---------- EXERCISE DATA

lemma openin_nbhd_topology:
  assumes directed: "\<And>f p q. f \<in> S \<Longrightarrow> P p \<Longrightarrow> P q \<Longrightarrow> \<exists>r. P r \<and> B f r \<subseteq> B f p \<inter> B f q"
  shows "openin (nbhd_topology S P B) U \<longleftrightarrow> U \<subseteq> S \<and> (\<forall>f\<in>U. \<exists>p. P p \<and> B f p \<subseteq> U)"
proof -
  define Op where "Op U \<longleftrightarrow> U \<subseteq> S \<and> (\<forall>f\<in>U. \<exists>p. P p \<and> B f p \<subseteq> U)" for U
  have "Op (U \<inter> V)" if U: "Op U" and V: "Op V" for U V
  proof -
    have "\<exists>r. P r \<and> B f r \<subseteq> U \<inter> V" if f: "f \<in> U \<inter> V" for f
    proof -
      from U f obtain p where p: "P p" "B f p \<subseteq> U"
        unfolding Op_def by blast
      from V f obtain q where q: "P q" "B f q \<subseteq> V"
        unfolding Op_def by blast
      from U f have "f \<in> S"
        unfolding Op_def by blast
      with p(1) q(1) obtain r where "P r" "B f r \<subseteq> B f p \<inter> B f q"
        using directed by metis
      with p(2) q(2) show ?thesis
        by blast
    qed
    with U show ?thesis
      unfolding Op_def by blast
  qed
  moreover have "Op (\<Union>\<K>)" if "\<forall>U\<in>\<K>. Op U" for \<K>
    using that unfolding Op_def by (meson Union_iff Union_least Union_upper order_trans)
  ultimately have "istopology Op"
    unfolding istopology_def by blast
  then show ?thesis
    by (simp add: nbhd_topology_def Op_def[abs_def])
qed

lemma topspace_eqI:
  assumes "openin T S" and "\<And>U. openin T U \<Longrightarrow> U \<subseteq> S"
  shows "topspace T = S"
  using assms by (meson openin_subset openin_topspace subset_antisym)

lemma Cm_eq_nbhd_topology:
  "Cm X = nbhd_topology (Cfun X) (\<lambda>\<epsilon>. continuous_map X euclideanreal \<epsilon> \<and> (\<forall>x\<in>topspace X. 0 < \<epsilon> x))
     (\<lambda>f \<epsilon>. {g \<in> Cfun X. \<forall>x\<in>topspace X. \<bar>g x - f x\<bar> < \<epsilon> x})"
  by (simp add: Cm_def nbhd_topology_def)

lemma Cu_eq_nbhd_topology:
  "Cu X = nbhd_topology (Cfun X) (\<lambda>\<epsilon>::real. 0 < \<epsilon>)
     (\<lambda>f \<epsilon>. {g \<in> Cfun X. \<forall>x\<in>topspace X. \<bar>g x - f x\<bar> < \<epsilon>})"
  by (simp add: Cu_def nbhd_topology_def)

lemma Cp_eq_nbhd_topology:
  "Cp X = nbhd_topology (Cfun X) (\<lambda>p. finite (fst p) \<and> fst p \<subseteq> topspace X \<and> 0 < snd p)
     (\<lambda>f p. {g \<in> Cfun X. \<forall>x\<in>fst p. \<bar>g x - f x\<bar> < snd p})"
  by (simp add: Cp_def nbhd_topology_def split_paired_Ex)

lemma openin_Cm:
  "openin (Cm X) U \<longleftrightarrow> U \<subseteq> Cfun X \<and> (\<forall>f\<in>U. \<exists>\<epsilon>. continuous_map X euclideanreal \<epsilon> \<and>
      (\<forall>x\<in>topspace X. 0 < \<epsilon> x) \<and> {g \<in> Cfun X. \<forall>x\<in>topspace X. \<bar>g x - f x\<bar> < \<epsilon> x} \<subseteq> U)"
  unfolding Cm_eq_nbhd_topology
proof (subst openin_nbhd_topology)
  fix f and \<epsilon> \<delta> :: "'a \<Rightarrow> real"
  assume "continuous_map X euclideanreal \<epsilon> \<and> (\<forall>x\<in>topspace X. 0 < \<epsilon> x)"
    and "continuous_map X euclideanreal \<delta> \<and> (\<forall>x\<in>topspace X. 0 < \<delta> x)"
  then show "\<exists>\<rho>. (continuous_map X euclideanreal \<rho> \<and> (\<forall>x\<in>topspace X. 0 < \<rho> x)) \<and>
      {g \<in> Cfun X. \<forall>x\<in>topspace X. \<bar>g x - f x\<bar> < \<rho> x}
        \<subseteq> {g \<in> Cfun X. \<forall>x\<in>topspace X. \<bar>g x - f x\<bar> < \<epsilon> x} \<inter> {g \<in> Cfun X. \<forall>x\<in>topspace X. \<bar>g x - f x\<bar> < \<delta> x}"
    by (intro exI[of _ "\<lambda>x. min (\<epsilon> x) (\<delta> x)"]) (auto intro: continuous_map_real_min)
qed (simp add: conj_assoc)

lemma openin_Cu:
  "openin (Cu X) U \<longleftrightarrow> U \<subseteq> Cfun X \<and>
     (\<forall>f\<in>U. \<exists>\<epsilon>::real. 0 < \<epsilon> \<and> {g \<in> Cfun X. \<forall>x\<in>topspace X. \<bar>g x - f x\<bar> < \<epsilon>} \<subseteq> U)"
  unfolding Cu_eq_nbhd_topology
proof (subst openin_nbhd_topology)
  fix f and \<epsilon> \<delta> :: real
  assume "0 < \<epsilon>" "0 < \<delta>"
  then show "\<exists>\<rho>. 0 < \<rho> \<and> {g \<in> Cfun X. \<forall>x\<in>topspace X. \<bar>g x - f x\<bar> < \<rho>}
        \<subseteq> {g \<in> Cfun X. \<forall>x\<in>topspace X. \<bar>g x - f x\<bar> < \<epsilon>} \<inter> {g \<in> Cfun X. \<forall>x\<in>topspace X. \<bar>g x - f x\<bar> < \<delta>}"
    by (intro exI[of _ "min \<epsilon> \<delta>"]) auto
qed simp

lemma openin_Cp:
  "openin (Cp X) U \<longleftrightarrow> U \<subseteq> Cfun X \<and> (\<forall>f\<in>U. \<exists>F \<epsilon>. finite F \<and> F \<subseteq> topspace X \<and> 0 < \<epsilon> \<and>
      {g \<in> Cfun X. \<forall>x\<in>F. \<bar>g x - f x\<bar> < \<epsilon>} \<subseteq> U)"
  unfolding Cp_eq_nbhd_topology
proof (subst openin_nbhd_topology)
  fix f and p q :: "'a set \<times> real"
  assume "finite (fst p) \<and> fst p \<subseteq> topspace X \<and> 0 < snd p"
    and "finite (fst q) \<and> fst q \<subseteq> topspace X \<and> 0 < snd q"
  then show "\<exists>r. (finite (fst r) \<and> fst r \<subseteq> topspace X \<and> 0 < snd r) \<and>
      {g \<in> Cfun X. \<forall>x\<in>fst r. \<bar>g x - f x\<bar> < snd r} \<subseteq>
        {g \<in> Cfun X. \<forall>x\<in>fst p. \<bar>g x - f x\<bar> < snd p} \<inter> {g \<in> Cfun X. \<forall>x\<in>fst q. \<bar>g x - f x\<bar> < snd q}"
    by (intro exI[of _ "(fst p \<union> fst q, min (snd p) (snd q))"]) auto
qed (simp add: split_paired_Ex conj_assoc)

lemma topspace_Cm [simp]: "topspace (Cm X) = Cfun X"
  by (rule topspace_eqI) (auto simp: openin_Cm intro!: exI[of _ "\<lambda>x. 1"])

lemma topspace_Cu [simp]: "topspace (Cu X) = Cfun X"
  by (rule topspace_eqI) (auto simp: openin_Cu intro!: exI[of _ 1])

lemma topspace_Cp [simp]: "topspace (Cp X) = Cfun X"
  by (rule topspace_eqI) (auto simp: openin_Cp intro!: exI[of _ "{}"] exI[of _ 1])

--------------------

**BRIEF:** What you return should match the entries above exactly.

**EXERCISE OUTPUT:**
lemma openin_nbhd_topology:
  assumes directed: "\<And>f p q. f \<in> S \<Longrightarrow> P p \<Longrightarrow> P q \<Longrightarrow> \<exists>r. P r \<and> B f r \<subseteq> B f p \<inter> B f q"
  shows "openin (nbhd_topology S P B) U \<longleftrightarrow> U \<subseteq> S \<and> (\<forall>f\<in>U. \<exists>p. P p \<and> B f p \<subseteq> U)"
proof -
  define Op where "Op U \<longleftrightarrow> U \<subseteq> S \<and> (\<forall>f\<in>U. \<exists>p. P p \<and> B f p \<subseteq> U)" for U
  have "Op (U \<inter> V)" if U: "Op U" and V: "Op V" for U V
  proof -
    have "\<exists>r. P r \<and> B f r \<subseteq> U \<inter> V" if f: "f \<in> U \<inter> V" for f
    proof -
      from U f obtain p where p: "P p" "B f p \<subseteq> U"
        unfolding Op_def by blast
      from V f obtain q where q: "P q" "B f q \<subseteq> V"
        unfolding Op_def by blast
      from U f have "f \<in> S"
        unfolding Op_def by blast
      with p(1) q(1) obtain r where "P r" "B f r \<subseteq> B f p \<inter> B f q"
        using directed by metis
      with p(2) q(2) show ?thesis
        by blast
    qed
    with U show ?thesis
      unfolding Op_def by blast
  qed
  moreover have "Op (\<Union>\<K>)" if "\<forall>U\<in>\<K>. Op U" for \<K>
    using that unfolding Op_def by (meson Union_iff Union_least Union_upper order_trans)
  ultimately have "istopology Op"
    unfolding istopology_def by blast
  then show ?thesis
    by (simp add: nbhd_topology_def Op_def[abs_def])
qed

lemma topspace_eqI:
  assumes "openin T S" and "\<And>U. openin T U \<Longrightarrow> U \<subseteq> S"
  shows "topspace T = S"
  using assms by (meson openin_subset openin_topspace subset_antisym)

lemma Cm_eq_nbhd_topology:
  "Cm X = nbhd_topology (Cfun X) (\<lambda>\<epsilon>. continuous_map X euclideanreal \<epsilon> \<and> (\<forall>x\<in>topspace X. 0 < \<epsilon> x))
     (\<lambda>f \<epsilon>. {g \<in> Cfun X. \<forall>x\<in>topspace X. \<bar>g x - f x\<bar> < \<epsilon> x})"
  by (simp add: Cm_def nbhd_topology_def)

lemma Cu_eq_nbhd_topology:
  "Cu X = nbhd_topology (Cfun X) (\<lambda>\<epsilon>::real. 0 < \<epsilon>)
     (\<lambda>f \<epsilon>. {g \<in> Cfun X. \<forall>x\<in>topspace X. \<bar>g x - f x\<bar> < \<epsilon>})"
  by (simp add: Cu_def nbhd_topology_def)

lemma Cp_eq_nbhd_topology:
  "Cp X = nbhd_topology (Cfun X) (\<lambda>p. finite (fst p) \<and> fst p \<subseteq> topspace X \<and> 0 < snd p)
     (\<lambda>f p. {g \<in> Cfun X. \<forall>x\<in>fst p. \<bar>g x - f x\<bar> < snd p})"
  by (simp add: Cp_def nbhd_topology_def split_paired_Ex)

lemma openin_Cm:
  "openin (Cm X) U \<longleftrightarrow> U \<subseteq> Cfun X \<and> (\<forall>f\<in>U. \<exists>\<epsilon>. continuous_map X euclideanreal \<epsilon> \<and>
      (\<forall>x\<in>topspace X. 0 < \<epsilon> x) \<and> {g \<in> Cfun X. \<forall>x\<in>topspace X. \<bar>g x - f x\<bar> < \<epsilon> x} \<subseteq> U)"
  unfolding Cm_eq_nbhd_topology
proof (subst openin_nbhd_topology)
  fix f and \<epsilon> \<delta> :: "'a \<Rightarrow> real"
  assume "continuous_map X euclideanreal \<epsilon> \<and> (\<forall>x\<in>topspace X. 0 < \<epsilon> x)"
    and "continuous_map X euclideanreal \<delta> \<and> (\<forall>x\<in>topspace X. 0 < \<delta> x)"
  then show "\<exists>\<rho>. (continuous_map X euclideanreal \<rho> \<and> (\<forall>x\<in>topspace X. 0 < \<rho> x)) \<and>
      {g \<in> Cfun X. \<forall>x\<in>topspace X. \<bar>g x - f x\<bar> < \<rho> x}
        \<subseteq> {g \<in> Cfun X. \<forall>x\<in>topspace X. \<bar>g x - f x\<bar> < \<epsilon> x} \<inter> {g \<in> Cfun X. \<forall>x\<in>topspace X. \<bar>g x - f x\<bar> < \<delta> x}"
    by (intro exI[of _ "\<lambda>x. min (\<epsilon> x) (\<delta> x)"]) (auto intro: continuous_map_real_min)
qed (simp add: conj_assoc)

lemma openin_Cu:
  "openin (Cu X) U \<longleftrightarrow> U \<subseteq> Cfun X \<and>
     (\<forall>f\<in>U. \<exists>\<epsilon>::real. 0 < \<epsilon> \<and> {g \<in> Cfun X. \<forall>x\<in>topspace X. \<bar>g x - f x\<bar> < \<epsilon>} \<subseteq> U)"
  unfolding Cu_eq_nbhd_topology
proof (subst openin_nbhd_topology)
  fix f and \<epsilon> \<delta> :: real
  assume "0 < \<epsilon>" "0 < \<delta>"
  then show "\<exists>\<rho>. 0 < \<rho> \<and> {g \<in> Cfun X. \<forall>x\<in>topspace X. \<bar>g x - f x\<bar> < \<rho>}
        \<subseteq> {g \<in> Cfun X. \<forall>x\<in>topspace X. \<bar>g x - f x\<bar> < \<epsilon>} \<inter> {g \<in> Cfun X. \<forall>x\<in>topspace X. \<bar>g x - f x\<bar> < \<delta>}"
    by (intro exI[of _ "min \<epsilon> \<delta>"]) auto
qed simp

lemma openin_Cp:
  "openin (Cp X) U \<longleftrightarrow> U \<subseteq> Cfun X \<and> (\<forall>f\<in>U. \<exists>F \<epsilon>. finite F \<and> F \<subseteq> topspace X \<and> 0 < \<epsilon> \<and>
      {g \<in> Cfun X. \<forall>x\<in>F. \<bar>g x - f x\<bar> < \<epsilon>} \<subseteq> U)"
  unfolding Cp_eq_nbhd_topology
proof (subst openin_nbhd_topology)
  fix f and p q :: "'a set \<times> real"
  assume "finite (fst p) \<and> fst p \<subseteq> topspace X \<and> 0 < snd p"
    and "finite (fst q) \<and> fst q \<subseteq> topspace X \<and> 0 < snd q"
  then show "\<exists>r. (finite (fst r) \<and> fst r \<subseteq> topspace X \<and> 0 < snd r) \<and>
      {g \<in> Cfun X. \<forall>x\<in>fst r. \<bar>g x - f x\<bar> < snd r} \<subseteq>
        {g \<in> Cfun X. \<forall>x\<in>fst p. \<bar>g x - f x\<bar> < snd p} \<inter> {g \<in> Cfun X. \<forall>x\<in>fst q. \<bar>g x - f x\<bar> < snd q}"
    by (intro exI[of _ "(fst p \<union> fst q, min (snd p) (snd q))"]) auto
qed (simp add: split_paired_Ex conj_assoc)

lemma topspace_Cm [simp]: "topspace (Cm X) = Cfun X"
  by (rule topspace_eqI) (auto simp: openin_Cm intro!: exI[of _ "\<lambda>x. 1"])

lemma topspace_Cu [simp]: "topspace (Cu X) = Cfun X"
  by (rule topspace_eqI) (auto simp: openin_Cu intro!: exI[of _ 1])

lemma topspace_Cp [simp]: "topspace (Cp X) = Cfun X"
  by (rule topspace_eqI) (auto simp: openin_Cp intro!: exI[of _ "{}"] exI[of _ 1])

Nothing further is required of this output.